Stored data entries
-- Opening Marker --
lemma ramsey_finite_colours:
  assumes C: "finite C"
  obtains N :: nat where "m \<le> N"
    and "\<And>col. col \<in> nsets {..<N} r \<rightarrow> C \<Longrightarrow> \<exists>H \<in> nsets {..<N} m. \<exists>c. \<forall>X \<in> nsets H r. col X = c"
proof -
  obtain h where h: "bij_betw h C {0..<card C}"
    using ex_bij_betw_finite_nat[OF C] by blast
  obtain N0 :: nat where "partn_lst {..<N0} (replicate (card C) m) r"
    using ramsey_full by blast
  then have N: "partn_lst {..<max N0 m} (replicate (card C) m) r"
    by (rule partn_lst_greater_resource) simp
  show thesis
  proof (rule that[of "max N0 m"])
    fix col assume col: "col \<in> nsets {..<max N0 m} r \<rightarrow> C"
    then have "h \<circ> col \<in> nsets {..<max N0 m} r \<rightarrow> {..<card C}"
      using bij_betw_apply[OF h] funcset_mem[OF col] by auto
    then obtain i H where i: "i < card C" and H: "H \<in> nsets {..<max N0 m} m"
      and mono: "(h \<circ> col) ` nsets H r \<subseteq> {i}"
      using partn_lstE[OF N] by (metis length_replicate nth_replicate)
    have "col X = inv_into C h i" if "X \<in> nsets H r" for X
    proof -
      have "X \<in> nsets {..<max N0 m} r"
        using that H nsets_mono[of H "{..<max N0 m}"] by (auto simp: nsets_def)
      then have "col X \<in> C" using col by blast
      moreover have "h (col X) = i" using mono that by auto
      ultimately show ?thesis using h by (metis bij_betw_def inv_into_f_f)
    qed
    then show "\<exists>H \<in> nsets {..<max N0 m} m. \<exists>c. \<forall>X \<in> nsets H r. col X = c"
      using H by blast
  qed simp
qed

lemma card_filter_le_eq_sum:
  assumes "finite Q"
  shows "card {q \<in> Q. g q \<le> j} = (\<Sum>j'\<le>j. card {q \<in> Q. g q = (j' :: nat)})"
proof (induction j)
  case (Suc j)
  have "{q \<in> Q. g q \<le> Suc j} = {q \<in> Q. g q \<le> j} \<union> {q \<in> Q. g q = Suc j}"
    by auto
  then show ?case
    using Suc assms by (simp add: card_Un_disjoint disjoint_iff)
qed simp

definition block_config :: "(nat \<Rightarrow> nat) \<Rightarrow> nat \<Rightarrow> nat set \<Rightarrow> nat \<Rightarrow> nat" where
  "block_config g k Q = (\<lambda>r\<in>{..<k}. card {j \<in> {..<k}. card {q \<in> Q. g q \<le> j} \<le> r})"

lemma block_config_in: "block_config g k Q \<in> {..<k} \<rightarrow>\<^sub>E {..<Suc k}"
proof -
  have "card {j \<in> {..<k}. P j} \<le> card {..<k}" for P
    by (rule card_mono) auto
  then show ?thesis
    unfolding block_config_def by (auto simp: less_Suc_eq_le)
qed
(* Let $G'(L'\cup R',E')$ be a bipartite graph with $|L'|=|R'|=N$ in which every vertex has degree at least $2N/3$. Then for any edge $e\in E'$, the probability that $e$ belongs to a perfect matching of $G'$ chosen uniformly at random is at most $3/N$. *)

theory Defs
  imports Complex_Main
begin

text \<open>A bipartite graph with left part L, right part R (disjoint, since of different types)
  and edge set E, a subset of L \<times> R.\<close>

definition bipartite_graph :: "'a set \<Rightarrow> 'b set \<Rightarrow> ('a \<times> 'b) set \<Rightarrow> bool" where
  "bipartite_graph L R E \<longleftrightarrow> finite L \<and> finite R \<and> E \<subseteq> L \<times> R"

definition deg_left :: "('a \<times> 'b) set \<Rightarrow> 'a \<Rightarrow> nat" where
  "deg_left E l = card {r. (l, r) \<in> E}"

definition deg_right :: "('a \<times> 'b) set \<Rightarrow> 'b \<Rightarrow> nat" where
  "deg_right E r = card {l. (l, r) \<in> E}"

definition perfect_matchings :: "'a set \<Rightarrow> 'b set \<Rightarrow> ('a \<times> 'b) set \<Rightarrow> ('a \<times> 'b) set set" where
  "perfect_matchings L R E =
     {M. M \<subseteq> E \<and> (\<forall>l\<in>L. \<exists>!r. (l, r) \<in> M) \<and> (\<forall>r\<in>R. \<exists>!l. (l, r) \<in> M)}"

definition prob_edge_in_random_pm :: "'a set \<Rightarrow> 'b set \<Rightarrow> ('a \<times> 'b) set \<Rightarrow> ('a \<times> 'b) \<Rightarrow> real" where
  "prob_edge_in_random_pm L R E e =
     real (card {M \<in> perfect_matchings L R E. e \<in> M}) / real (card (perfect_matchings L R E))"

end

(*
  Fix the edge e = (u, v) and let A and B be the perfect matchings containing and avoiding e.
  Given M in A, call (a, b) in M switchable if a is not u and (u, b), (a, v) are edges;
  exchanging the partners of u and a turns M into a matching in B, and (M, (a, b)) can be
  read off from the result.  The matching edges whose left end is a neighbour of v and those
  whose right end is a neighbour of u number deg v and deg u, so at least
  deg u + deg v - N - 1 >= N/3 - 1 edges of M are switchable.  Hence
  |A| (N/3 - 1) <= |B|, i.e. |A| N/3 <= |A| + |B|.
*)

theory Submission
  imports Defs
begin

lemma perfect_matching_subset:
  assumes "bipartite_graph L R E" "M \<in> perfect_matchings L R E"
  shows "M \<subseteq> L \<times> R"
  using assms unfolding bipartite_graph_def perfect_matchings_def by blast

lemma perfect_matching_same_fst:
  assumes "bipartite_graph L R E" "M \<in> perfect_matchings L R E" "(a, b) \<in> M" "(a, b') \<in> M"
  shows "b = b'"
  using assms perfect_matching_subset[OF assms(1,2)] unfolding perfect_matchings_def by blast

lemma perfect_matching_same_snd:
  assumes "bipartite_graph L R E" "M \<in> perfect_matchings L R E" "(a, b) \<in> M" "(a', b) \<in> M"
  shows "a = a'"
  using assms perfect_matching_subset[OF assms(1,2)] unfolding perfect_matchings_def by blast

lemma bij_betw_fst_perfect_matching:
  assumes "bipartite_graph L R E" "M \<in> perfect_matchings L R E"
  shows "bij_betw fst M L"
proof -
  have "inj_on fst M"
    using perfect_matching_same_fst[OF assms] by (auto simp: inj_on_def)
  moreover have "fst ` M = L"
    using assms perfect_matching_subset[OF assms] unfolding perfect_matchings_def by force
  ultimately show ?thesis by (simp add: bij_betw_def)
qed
-- Closing Marker --
With the line holding "X = inv_into" as the first and the line holding "case (Suc j)" as the last, set down that range of the entries above exactly, and nothing else.

    have "col X = inv_into C h i" if "X \<in> nsets H r" for X
    proof -
      have "X \<in> nsets {..<max N0 m} r"
        using that H nsets_mono[of H "{..<max N0 m}"] by (auto simp: nsets_def)
      then have "col X \<in> C" using col by blast
      moreover have "h (col X) = i" using mono that by auto
      ultimately show ?thesis using h by (metis bij_betw_def inv_into_f_f)
    qed
    then show "\<exists>H \<in> nsets {..<max N0 m} m. \<exists>c. \<forall>X \<in> nsets H r. col X = c"
      using H by blast
  qed simp
qed

lemma card_filter_le_eq_sum:
  assumes "finite Q"
  shows "card {q \<in> Q. g q \<le> j} = (\<Sum>j'\<le>j. card {q \<in> Q. g q = (j' :: nat)})"
proof (induction j)
  case (Suc j)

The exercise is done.